Write out again the entries from the first line to the line that includes "then obtain A", keeping both of those lines.

▸ **Saved entries**:
BEGIN

lemma incseq_continuous_eventually_close:
  fixes S :: "nat \<Rightarrow> 'a::topological_space \<Rightarrow> real"
  assumes X: "compact X"
    and S: "\<And>n. continuous_on X (S n)" and g: "continuous_on X g"
    and inc: "\<And>x. x \<in> X \<Longrightarrow> incseq (\<lambda>n. S n x)"
    and lim: "\<And>x. x \<in> X \<Longrightarrow> (\<lambda>n. S n x) \<longlonglongrightarrow> g x"
    and e: "0 < e"
  obtains N where "\<And>x. x \<in> X \<Longrightarrow> g x - S N x < e"
proof -
  have "\<exists>U. open U \<and> U \<inter> X = {x \<in> X. g x - S n x < e}" for n
  proof -
    have "continuous_on X (\<lambda>x. g x - S n x)" using g S by (rule continuous_on_diff)
    then obtain A where "open A" "A \<inter> X = (\<lambda>x. g x - S n x) -` {..<e} \<inter> X"
      unfolding continuous_on_open_invariant using open_lessThan by blast
    then show ?thesis by (intro exI[of _ A]) auto
  qed
  then obtain U where U: "\<And>n. open (U n)" "\<And>n. U n \<inter> X = {x \<in> X. g x - S n x < e}"
    by metis
  have cover: "X \<subseteq> (\<Union>n. U n)"
  proof
    fix x assume x: "x \<in> X"
    have "(\<lambda>n. g x - S n x) \<longlonglongrightarrow> g x - g x"
      by (intro tendsto_diff tendsto_const lim[OF x])
    then have "eventually (\<lambda>n. g x - S n x < e) sequentially"
      using e by (intro order_tendstoD(2)) simp_all
    then obtain n where "g x - S n x < e" by (auto simp: eventually_sequentially)
    then show "x \<in> (\<Union>n. U n)" using U(2)[of n] x by blast
  qed
  obtain C where C: "finite C" "X \<subseteq> (\<Union>c\<in>C. U c)"
  proof (rule compactE_image[OF X, of UNIV U])
    show "open (U n)" for n by (rule U(1))
  qed (use cover that in auto)
  show thesis
  proof
    fix x assume x: "x \<in> X"
    obtain c where c: "c \<in> C" "x \<in> U c" using C(2) x by blast
    then have "c \<le> Max (insert 0 C)" using C(1) by simp
    then have "S c x \<le> S (Max (insert 0 C)) x" using inc[OF x] by (simp add: incseq_def)
    moreover have "g x - S c x < e" using U(2)[of c] c x by blast
    ultimately show "g x - S (Max (insert 0 C)) x < e" by simp
  qed
qed

lemma uniform_limit_incseq_Dini:
  fixes S :: "nat \<Rightarrow> 'a::topological_space \<Rightarrow> real"
  assumes X: "compact X"
    and S: "\<And>n. continuous_on X (S n)" and g: "continuous_on X g"
    and inc: "\<And>x. x \<in> X \<Longrightarrow> incseq (\<lambda>n. S n x)"
    and lim: "\<And>x. x \<in> X \<Longrightarrow> (\<lambda>n. S n x) \<longlonglongrightarrow> g x"
  shows "uniform_limit X S g sequentially"
  unfolding uniform_limit_sequentially_iff
proof (intro allI impI)
  fix e :: real assume "0 < e"
  then obtain N where N: "\<And>x. x \<in> X \<Longrightarrow> g x - S N x < e"
    using incseq_continuous_eventually_close[OF X S g inc lim] by blast
  have "dist (S n x) (g x) < e" if "N \<le> n" "x \<in> X" for n x
  proof -
    have "S N x \<le> S n x" using inc[OF that(2)] that(1) by (simp add: incseq_def)
    moreover have "S n x \<le> g x" using incseq_le[OF inc[OF that(2)] lim[OF that(2)]] .
    ultimately show ?thesis using N[OF that(2)] by (simp add: dist_real_def)
  qed
  then show "\<exists>N. \<forall>n\<ge>N. \<forall>x\<in>X. dist (S n x) (g x) < e" by blast
qed

text \<open>A supremum of continuous functions is lower semicontinuous, so it attains its infimum
  on a compact set.\<close>

lemma incseq_limit_attains_inf:
  fixes S :: "nat \<Rightarrow> 'a::heine_borel \<Rightarrow> real"
  assumes X: "compact X" "X \<noteq> {}"
    and S: "\<And>n. continuous_on X (S n)"
    and inc: "\<And>x. x \<in> X \<Longrightarrow> incseq (\<lambda>n. S n x)"
    and lim: "\<And>x. x \<in> X \<Longrightarrow> (\<lambda>n. S n x) \<longlonglongrightarrow> h x"
  obtains x where "x \<in> X" "\<And>y. y \<in> X \<Longrightarrow> h x \<le> h y"
proof -
  have le_h: "S n x \<le> h x" if "x \<in> X" for n x by (rule incseq_le[OF inc[OF that] lim[OF that]])
  have below: "\<exists>x0\<in>X. \<forall>y\<in>X. S n x0 \<le> h y" for n
  proof -
    obtain x0 where "x0 \<in> X" "\<forall>y\<in>X. S n x0 \<le> S n y"
      using continuous_attains_inf[OF X S] by blast
    then show ?thesis using le_h by (meson order_trans)
  qed
  define m where "m = (INF y\<in>X. h y)"
  have bdd: "bdd_below (h ` X)"
    using below[of 0] by (auto intro: bdd_belowI2)
  define F where "F n = {x \<in> X. S n x \<le> m}" for n
  have "compact (F n)" for n
  proof -
    obtain A where "closed A" "A \<inter> X = F n"
      using closedin_sublevel_continuous_on[OF S] unfolding F_def by metis
    then show ?thesis using compact_Int_closed[OF X(1)] by (metis Int_commute)
  qed
  moreover have "F n \<noteq> {}" for n
  proof -
    obtain x0 where "x0 \<in> X" "\<forall>y\<in>X. S n x0 \<le> h y" using below by blast
    then show ?thesis unfolding F_def m_def using X(2) by (auto intro!: cINF_greatest)
  qed
  moreover have "F n \<subseteq> F k" if "k \<le> n" for k n
  proof
    fix x assume "x \<in> F n"
    moreover from this have "S k x \<le> S n x"
      using inc that unfolding F_def incseq_def by blast
    ultimately show "x \<in> F k" unfolding F_def by simp
  qed
  ultimately have "\<Inter>(range F) \<noteq> {}" by (rule compact_nest)
  then obtain x where "x \<in> \<Inter>(range F)" by blast
  then have x: "x \<in> X" "\<And>n. S n x \<le> m" unfolding F_def by auto
  have "h x \<le> m" by (rule LIMSEQ_le_const2[OF lim[OF x(1)]]) (use x(2) in auto)
  moreover have "m \<le> h y" if "y \<in> X" for y
    unfolding m_def by (rule cINF_lower[OF bdd that])
  ultimately show thesis using x(1) by (meson that order_trans)
qed
(* Let $\Gamma_1=(N,A,u)$ and $\Gamma_2=(M,B,v)$ be games and let $g=(\pi;(\tau_i)_{i\in N})$ be a cardinal game isomorphism from $\Gamma_1$ to $\Gamma_2$. Then for each $i\in N$ there exist $\beta_i>0$ and $\gamma_i\in\mathbb{R}$ with $\beta_i\tilde u_i(\sigma)+\gamma_i=\tilde v_{g.i}(g.\sigma)$ for all $\sigma\in\Delta(A)$, and $g$ preserves: (1) the players' best response correspondences: for all $i\in N$ and $\sigma\in\Delta(A)$, $\sigma_i\in\tilde b_i(\sigma_{-i})$ in $\Gamma_1$ if and only if $(g.\sigma)_{g.i}\in\tilde b_{g.i}((g.\sigma)_{-g.i})$ in $\Gamma_2$; (2) the game's best response correspondence: for all $\sigma,\sigma'\in\Delta(A)$, $\sigma\in\tilde b(\sigma')$ in $\Gamma_1$ if and only if $g.\sigma\in\tilde b(g.\sigma')$ in $\Gamma_2$; (3) mixed strategy Nash equilibria: $\sigma$ is a Nash equilibrium of $\Gamma_1$ if and only if $g.\sigma$ is a Nash equilibrium of $\Gamma_2$; (4) strict dominance of mixed strategies over pure strategies: for $i\in N$, $\sigma_i\in\Delta(A_i)$ and $s_i\in A_i$, $\sigma_i$ strictly dominates $s_i$ for player $i$ in $\Gamma_1$ if and only if $\sigma_i\circ\tau_i^{-1}$ strictly dominates $\tau_i(s_i)$ for player $\pi(i)$ in $\Gamma_2$.
   Context: A (finite normal-form) game $\Gamma=(N,A,u)$ consists of a finite set $N$ of at least two players, a finite non-empty strategy set $A_i$ for each $i\in N$, $A=\times_{i\in N}A_i$, and utility functions $u_i:A\to\mathbb{R}$. $\Delta(A_i)$ is the set of probability distributions on $A_i$, $\Delta(A)=\times_{i\in N}\Delta(A_i)$, $\Delta(A_{-i})=\times_{j\neq i}\Delta(A_j)$, $\sigma(s)=\prod_i\sigma_i(s_i)$, and the expected utility is $\tilde u_i(\sigma)=\sum_{s\in A}\sigma(s)u_i(s)$ (pure strategies are identified with point-mass distributions). A game bijection $g=(\pi;(\tau_i)_{i\in N})$ from $\Gamma_1=(N,A,u)$ to $\Gamma_2=(M,B,v)$ consists of a bijection $\pi:N\to M$ and bijections $\tau_i:A_i\to B_{\pi(i)}$; write $g.i=\pi(i)$ and $g.\sigma\in\Delta(B)$ for the mixed profile whose component for player $\pi(i)$ is $\sigma_i\circ\tau_i^{-1}$. $g$ is a cardinal game isomorphism if for all $i\in N$, $\sigma,\sigma'\in\Delta(A)$: $\tilde u_i(\sigma)\le\tilde u_i(\sigma')\iff\tilde v_{g.i}(g.\sigma)\le\tilde v_{g.i}(g.\sigma')$. Player $i$'s best response correspondence is $\tilde b_i(\sigma_{-i})=\arg\max_{\sigma_i\in\Delta(A_i)}\tilde u_i(\sigma_i,\sigma_{-i})$; the game's is $\tilde b(\sigma)=\{\sigma'\in\Delta(A):\sigma_i'\in\tilde b_i(\sigma_{-i})\ \forall i\}$. $\sigma$ is a Nash equilibrium if no player $i$ has $\sigma_i'\in\Delta(A_i)$ with $\tilde u_i(\sigma_i',\sigma_{-i})>\tilde u_i(\sigma_i,\sigma_{-i})$. $\sigma_i\in\Delta(A_i)$ strictly dominates $s_i\in A_i$ if $\tilde u_i(\sigma_i,\sigma_{-i})>\tilde u_i(s_i,\sigma_{-i})$ for all $\sigma_{-i}\in\Delta(A_{-i})$. *)

theory Defs
  imports Complex_Main "HOL-Library.FuncSet"
begin

text \<open>A game is given by a player set N, strategy sets A i, and utilities u i,
  where pure profiles are the extensional functions in PiE N A.\<close>

definition game :: "'p set \<Rightarrow> ('p \<Rightarrow> 's set) \<Rightarrow> ('p \<Rightarrow> ('p \<Rightarrow> 's) \<Rightarrow> real) \<Rightarrow> bool" where
  "game N A u \<longleftrightarrow> finite N \<and> card N \<ge> 2 \<and> (\<forall>i\<in>N. finite (A i) \<and> A i \<noteq> {})"

definition Delta :: "'s set \<Rightarrow> ('s \<Rightarrow> real) set" where
  "Delta S = {d. (\<forall>x\<in>S. 0 \<le> d x) \<and> (\<forall>x. x \<notin> S \<longrightarrow> d x = 0) \<and> sum d S = 1}"

definition mixed :: "'p set \<Rightarrow> ('p \<Rightarrow> 's set) \<Rightarrow> ('p \<Rightarrow> 's \<Rightarrow> real) set" where
  "mixed N A = PiE N (\<lambda>i. Delta (A i))"

definition EU :: "'p set \<Rightarrow> ('p \<Rightarrow> 's set) \<Rightarrow> ('p \<Rightarrow> ('p \<Rightarrow> 's) \<Rightarrow> real) \<Rightarrow> 'p \<Rightarrow> ('p \<Rightarrow> 's \<Rightarrow> real) \<Rightarrow> real" where
  "EU N A u i \<sigma> = (\<Sum>s\<in>PiE N A. (\<Prod>j\<in>N. \<sigma> j (s j)) * u i s)"
lemma mechanical_factor_eq_iff_floors:
  assumes g: "0 < g" "g < 1" and x: "0 \<le> x" "x < 1" and x': "0 \<le> x'" "x' < 1"
  shows "mechanical_factor g n x = mechanical_factor g n x' \<longleftrightarrow>
    (\<forall>j \<le> n. \<lfloor>x + g * real j\<rfloor> = \<lfloor>x' + g * real j\<rfloor>)"
proof
  assume eq: "mechanical_factor g n x = mechanical_factor g n x'"
  show "\<forall>j \<le> n. \<lfloor>x + g * real j\<rfloor> = \<lfloor>x' + g * real j\<rfloor>"
  proof (intro allI impI)
    fix j assume "j \<le> n"
    then show "\<lfloor>x + g * real j\<rfloor> = \<lfloor>x' + g * real j\<rfloor>"
    proof (induction j)
      case 0
      have "\<lfloor>x\<rfloor> = 0" "\<lfloor>x'\<rfloor> = 0" using x x' by (simp_all add: floor_eq_iff)
      then show ?case by simp
    next
      case (Suc j)
      have step: "y + g * real (Suc j) = (y + g * real j) + g" for y
        by (simp add: algebra_simps)
      have bounded: "\<lfloor>y\<rfloor> \<le> \<lfloor>y + g\<rfloor> \<and> \<lfloor>y + g\<rfloor> \<le> \<lfloor>y\<rfloor> + 1" for y
        using g by linarith
      have "mechanical_factor g n x ! j = mechanical_factor g n x' ! j" using eq by simp
      then have "mechanical_letter g (x + g * real j) = mechanical_letter g (x' + g * real j)"
        using Suc.prems unfolding mechanical_factor_def by simp
      then show ?case
        using Suc bounded[of "x + g * real j"] bounded[of "x' + g * real j"]
        unfolding step mechanical_letter_def by (auto split: if_splits)
    qed
  qed
next
  assume floors: "\<forall>j \<le> n. \<lfloor>x + g * real j\<rfloor> = \<lfloor>x' + g * real j\<rfloor>"
  have "mechanical_letter g (x + g * real i) = mechanical_letter g (x' + g * real i)" if "i < n" for i
  proof -
    have "y + g * real (Suc i) = (y + g * real i) + g" for y
      by (simp add: algebra_simps)
    moreover have "\<lfloor>x + g * real (Suc i)\<rfloor> = \<lfloor>x' + g * real (Suc i)\<rfloor>"
      and "\<lfloor>x + g * real i\<rfloor> = \<lfloor>x' + g * real i\<rfloor>"
      using floors[rule_format, of "Suc i"] floors[rule_format, of i] that by simp_all
    ultimately show ?thesis unfolding mechanical_letter_def by (simp add: add.assoc)
  qed
  then show "mechanical_factor g n x = mechanical_factor g n x'"
    unfolding mechanical_factor_def by simp
qed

END

▸ **Task response**:
lemma incseq_continuous_eventually_close:
  fixes S :: "nat \<Rightarrow> 'a::topological_space \<Rightarrow> real"
  assumes X: "compact X"
    and S: "\<And>n. continuous_on X (S n)" and g: "continuous_on X g"
    and inc: "\<And>x. x \<in> X \<Longrightarrow> incseq (\<lambda>n. S n x)"
    and lim: "\<And>x. x \<in> X \<Longrightarrow> (\<lambda>n. S n x) \<longlonglongrightarrow> g x"
    and e: "0 < e"
  obtains N where "\<And>x. x \<in> X \<Longrightarrow> g x - S N x < e"
proof -
  have "\<exists>U. open U \<and> U \<inter> X = {x \<in> X. g x - S n x < e}" for n
  proof -
    have "continuous_on X (\<lambda>x. g x - S n x)" using g S by (rule continuous_on_diff)
    then obtain A where "open A" "A \<inter> X = (\<lambda>x. g x - S n x) -` {..<e} \<inter> X"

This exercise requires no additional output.